Entries provided:
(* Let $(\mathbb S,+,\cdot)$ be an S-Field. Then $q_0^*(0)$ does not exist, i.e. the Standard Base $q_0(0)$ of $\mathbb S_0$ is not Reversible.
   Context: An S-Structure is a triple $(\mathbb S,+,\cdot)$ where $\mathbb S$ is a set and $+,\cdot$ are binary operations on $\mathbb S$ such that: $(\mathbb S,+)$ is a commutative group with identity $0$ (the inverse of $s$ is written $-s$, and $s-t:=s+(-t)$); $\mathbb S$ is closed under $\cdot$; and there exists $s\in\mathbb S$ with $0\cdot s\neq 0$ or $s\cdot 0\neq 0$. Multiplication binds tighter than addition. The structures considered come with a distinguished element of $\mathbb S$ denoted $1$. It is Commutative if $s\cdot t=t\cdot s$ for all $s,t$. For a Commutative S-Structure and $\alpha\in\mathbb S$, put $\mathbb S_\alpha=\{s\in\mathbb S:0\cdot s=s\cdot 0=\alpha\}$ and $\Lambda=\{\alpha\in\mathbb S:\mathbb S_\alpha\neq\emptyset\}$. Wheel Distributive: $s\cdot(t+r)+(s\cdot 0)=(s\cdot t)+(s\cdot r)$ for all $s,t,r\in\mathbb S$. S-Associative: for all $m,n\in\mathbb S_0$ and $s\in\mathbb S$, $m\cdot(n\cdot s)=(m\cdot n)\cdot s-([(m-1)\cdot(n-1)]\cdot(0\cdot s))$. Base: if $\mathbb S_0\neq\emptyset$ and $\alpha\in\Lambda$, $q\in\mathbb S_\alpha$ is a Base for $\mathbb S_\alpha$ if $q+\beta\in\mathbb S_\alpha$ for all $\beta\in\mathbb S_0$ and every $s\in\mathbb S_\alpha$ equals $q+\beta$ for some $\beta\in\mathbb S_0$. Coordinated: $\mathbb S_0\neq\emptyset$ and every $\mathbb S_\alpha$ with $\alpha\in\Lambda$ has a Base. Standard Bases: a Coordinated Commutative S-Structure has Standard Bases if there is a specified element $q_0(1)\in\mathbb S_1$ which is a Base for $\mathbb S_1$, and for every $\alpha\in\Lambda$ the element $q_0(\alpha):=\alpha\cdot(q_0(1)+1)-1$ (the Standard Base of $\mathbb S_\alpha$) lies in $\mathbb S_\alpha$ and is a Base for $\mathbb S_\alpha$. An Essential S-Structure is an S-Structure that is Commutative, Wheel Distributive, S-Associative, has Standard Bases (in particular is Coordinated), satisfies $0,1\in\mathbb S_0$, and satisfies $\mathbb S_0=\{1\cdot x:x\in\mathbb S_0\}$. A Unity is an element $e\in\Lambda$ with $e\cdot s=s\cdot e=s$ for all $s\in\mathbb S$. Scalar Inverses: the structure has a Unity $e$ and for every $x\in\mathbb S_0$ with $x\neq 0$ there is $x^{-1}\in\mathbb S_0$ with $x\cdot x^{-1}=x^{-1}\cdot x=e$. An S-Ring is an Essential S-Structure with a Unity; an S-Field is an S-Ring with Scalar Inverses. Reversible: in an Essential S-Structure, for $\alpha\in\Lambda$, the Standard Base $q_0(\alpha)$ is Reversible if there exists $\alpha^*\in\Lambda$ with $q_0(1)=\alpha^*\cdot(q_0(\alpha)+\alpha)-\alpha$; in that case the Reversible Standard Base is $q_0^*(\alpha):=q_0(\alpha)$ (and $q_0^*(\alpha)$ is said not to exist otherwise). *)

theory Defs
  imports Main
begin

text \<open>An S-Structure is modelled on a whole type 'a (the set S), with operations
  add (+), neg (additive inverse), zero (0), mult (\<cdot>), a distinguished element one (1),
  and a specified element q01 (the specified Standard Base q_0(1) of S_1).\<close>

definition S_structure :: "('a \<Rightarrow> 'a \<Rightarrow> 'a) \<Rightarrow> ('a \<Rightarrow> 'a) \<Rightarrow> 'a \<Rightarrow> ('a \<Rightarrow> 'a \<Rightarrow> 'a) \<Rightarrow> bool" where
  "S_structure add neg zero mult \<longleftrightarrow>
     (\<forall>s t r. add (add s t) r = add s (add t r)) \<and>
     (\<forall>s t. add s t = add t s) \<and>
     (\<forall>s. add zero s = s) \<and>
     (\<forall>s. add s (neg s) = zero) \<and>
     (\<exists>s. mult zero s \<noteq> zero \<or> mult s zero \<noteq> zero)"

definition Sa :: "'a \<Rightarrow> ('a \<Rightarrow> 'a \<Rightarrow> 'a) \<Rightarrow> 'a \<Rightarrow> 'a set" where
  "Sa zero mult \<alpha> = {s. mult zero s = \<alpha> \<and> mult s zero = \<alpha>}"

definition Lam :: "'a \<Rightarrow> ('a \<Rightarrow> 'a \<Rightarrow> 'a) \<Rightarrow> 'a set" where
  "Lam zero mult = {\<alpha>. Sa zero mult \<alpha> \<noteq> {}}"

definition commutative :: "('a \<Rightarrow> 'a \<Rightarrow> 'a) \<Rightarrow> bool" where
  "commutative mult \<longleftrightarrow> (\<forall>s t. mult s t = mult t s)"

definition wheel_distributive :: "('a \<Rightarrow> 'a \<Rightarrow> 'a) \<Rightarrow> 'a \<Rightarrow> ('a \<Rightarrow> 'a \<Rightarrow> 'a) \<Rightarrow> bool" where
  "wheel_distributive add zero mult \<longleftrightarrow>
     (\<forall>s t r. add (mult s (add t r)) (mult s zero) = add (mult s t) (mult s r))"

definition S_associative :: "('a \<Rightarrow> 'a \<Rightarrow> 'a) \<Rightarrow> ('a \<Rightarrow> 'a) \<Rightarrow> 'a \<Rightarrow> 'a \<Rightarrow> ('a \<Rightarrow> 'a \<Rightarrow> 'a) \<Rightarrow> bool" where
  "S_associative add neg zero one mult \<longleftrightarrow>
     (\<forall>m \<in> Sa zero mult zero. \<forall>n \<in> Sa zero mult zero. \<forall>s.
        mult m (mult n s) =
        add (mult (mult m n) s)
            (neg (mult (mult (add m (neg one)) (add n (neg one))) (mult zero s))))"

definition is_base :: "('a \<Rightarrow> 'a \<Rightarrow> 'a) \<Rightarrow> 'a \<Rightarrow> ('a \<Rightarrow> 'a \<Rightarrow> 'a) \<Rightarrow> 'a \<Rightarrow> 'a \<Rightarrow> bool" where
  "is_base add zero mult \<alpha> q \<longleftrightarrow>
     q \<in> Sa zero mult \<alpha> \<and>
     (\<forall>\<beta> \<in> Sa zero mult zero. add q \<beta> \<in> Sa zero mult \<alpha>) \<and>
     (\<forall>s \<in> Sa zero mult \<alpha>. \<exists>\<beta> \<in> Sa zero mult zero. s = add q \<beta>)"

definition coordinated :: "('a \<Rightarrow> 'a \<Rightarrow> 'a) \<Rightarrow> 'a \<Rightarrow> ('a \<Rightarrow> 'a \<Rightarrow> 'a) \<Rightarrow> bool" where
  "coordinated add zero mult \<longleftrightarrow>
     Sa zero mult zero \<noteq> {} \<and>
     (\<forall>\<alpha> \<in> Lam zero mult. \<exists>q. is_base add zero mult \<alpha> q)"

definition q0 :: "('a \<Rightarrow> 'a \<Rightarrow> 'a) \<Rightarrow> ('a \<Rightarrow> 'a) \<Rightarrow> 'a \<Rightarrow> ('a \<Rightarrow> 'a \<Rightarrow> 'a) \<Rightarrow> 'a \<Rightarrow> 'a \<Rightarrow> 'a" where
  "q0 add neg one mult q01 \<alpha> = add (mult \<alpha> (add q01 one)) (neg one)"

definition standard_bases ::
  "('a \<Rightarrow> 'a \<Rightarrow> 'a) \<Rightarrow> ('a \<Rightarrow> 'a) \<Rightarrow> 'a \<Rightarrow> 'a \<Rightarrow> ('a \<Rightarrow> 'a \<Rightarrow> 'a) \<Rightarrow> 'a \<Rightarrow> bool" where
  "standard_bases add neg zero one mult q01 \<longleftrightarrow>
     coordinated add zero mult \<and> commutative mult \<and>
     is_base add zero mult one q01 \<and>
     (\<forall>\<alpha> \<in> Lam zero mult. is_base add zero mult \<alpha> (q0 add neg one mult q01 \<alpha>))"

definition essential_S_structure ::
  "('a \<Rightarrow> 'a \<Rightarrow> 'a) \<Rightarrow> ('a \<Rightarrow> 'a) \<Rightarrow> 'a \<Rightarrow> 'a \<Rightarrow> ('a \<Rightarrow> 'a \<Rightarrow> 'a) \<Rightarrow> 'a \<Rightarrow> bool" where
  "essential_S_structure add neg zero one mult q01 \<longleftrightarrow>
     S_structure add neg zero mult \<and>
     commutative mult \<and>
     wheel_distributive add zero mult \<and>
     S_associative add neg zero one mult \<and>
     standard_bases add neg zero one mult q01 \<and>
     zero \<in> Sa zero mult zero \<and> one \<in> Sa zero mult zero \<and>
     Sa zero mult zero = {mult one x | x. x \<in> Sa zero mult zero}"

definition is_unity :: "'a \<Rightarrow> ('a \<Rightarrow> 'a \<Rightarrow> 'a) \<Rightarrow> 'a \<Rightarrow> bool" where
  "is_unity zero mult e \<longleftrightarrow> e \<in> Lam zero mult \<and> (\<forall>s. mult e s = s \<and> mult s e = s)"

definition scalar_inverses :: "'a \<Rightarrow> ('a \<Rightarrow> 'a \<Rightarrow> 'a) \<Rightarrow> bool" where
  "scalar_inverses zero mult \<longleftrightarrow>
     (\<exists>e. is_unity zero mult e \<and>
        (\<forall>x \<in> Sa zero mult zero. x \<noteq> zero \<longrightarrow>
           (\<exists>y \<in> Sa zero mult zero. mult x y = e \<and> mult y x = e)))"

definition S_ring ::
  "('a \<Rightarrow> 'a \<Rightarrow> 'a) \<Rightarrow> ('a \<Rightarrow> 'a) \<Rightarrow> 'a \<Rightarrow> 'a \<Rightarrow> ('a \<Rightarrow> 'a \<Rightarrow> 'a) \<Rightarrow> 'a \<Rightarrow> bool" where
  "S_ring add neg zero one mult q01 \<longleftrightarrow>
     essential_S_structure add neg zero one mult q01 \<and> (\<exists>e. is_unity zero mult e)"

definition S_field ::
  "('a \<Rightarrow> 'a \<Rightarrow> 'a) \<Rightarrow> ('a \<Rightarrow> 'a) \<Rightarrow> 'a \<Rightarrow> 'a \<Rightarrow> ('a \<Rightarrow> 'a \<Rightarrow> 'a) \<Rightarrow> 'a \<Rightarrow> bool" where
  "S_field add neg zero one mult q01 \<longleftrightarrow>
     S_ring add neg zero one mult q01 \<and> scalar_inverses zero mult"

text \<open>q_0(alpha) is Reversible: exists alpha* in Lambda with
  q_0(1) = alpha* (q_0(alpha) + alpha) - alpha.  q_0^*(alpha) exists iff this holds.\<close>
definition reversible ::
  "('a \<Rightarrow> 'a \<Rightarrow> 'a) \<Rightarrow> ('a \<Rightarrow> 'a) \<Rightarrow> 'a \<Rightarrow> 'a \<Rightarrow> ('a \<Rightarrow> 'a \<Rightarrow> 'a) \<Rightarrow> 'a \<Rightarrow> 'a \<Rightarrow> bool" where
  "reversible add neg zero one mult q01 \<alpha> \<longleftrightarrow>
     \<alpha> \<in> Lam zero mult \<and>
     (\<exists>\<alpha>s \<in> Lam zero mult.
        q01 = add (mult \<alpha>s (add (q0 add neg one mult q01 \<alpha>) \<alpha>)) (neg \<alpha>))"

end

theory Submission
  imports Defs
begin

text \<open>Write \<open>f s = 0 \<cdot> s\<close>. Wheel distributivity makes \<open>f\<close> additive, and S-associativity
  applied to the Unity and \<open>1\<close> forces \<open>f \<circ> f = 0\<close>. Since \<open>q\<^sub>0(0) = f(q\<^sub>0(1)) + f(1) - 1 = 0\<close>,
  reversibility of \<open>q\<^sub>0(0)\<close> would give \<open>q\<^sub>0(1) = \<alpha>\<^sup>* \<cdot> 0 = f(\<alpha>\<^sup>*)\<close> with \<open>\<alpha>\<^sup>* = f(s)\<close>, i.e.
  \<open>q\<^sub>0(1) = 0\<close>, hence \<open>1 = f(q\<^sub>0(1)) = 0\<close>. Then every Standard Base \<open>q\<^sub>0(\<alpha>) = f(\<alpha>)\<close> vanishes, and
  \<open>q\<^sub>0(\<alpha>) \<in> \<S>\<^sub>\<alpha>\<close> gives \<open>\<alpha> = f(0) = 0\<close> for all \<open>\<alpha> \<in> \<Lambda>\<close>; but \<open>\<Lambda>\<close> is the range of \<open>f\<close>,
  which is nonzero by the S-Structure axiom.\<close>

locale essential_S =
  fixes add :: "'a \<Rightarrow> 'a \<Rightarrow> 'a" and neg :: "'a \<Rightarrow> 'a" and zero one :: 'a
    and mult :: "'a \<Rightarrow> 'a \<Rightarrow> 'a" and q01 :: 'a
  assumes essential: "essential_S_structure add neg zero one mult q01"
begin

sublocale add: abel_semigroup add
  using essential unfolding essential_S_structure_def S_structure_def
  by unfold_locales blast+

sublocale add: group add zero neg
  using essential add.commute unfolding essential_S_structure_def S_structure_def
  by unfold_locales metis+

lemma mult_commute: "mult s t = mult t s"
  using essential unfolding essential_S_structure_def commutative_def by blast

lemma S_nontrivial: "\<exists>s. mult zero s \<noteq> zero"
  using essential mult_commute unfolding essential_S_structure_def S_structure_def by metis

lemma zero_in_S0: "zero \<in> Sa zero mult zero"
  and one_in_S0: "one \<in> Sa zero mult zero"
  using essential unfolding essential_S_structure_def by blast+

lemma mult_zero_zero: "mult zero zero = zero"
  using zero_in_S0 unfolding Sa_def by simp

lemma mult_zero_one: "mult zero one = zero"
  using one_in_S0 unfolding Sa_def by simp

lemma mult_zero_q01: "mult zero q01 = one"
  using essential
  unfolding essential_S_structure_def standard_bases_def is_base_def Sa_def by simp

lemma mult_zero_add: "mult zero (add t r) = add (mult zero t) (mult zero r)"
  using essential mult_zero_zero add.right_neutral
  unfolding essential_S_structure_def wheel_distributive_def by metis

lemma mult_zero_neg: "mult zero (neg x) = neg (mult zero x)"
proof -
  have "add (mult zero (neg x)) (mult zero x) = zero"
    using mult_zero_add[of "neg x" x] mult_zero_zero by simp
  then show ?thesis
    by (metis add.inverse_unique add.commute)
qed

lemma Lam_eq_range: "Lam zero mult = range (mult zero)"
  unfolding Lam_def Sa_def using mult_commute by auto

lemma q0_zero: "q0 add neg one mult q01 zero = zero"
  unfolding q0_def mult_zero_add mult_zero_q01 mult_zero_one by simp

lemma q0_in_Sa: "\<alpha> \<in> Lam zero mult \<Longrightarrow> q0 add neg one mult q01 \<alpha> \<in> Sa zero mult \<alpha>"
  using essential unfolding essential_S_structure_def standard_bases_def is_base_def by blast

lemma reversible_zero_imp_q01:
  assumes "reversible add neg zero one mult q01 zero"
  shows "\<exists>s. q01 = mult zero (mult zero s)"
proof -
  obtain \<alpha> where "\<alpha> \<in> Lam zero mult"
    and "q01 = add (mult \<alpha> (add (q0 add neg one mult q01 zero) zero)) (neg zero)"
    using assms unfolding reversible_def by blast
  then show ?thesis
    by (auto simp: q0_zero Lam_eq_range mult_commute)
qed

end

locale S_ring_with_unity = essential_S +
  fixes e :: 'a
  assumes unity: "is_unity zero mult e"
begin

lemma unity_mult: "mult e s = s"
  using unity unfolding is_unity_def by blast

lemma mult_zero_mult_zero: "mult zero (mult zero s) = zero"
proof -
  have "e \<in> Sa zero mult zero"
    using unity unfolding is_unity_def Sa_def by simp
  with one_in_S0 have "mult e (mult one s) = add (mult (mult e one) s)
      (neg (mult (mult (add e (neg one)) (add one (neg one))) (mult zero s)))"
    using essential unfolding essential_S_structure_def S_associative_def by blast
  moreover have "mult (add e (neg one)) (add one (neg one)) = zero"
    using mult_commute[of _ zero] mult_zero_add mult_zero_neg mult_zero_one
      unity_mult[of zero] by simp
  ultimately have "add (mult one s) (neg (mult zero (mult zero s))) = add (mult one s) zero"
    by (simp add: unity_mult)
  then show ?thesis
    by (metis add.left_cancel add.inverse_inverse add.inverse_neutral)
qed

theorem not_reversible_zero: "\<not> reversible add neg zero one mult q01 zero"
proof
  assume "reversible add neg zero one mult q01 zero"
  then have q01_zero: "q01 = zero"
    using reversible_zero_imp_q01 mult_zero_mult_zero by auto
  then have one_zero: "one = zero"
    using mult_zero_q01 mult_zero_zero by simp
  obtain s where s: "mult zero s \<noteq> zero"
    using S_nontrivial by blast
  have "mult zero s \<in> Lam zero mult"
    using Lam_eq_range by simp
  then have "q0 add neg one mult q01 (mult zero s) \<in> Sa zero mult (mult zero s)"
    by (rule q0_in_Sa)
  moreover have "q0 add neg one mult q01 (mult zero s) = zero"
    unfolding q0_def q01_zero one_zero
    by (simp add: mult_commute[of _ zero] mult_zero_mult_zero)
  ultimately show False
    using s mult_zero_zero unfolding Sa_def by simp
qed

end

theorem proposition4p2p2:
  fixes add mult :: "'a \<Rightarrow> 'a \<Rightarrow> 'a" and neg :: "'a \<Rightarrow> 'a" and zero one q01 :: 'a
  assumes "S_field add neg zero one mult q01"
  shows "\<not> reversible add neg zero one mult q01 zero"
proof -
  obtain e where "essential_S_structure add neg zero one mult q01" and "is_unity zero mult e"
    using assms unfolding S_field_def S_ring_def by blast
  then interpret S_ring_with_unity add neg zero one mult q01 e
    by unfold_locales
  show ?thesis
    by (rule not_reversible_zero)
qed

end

Activity:
Here the output must be the lines above from the line with "(\<forall>s t r. add (mult" to the line with "(\<forall>m \<in> Sa", both included, duplicated word for word and nothing else.

Answer space:
     (\<forall>s t r. add (mult s (add t r)) (mult s zero) = add (mult s t) (mult s r))"

definition S_associative :: "('a \<Rightarrow> 'a \<Rightarrow> 'a) \<Rightarrow> ('a \<Rightarrow> 'a) \<Rightarrow> 'a \<Rightarrow> 'a \<Rightarrow> ('a \<Rightarrow> 'a \<Rightarrow> 'a) \<Rightarrow> bool" where
  "S_associative add neg zero one mult \<longleftrightarrow>
     (\<forall>m \<in> Sa zero mult zero. \<forall>n \<in> Sa zero mult zero. \<forall>s.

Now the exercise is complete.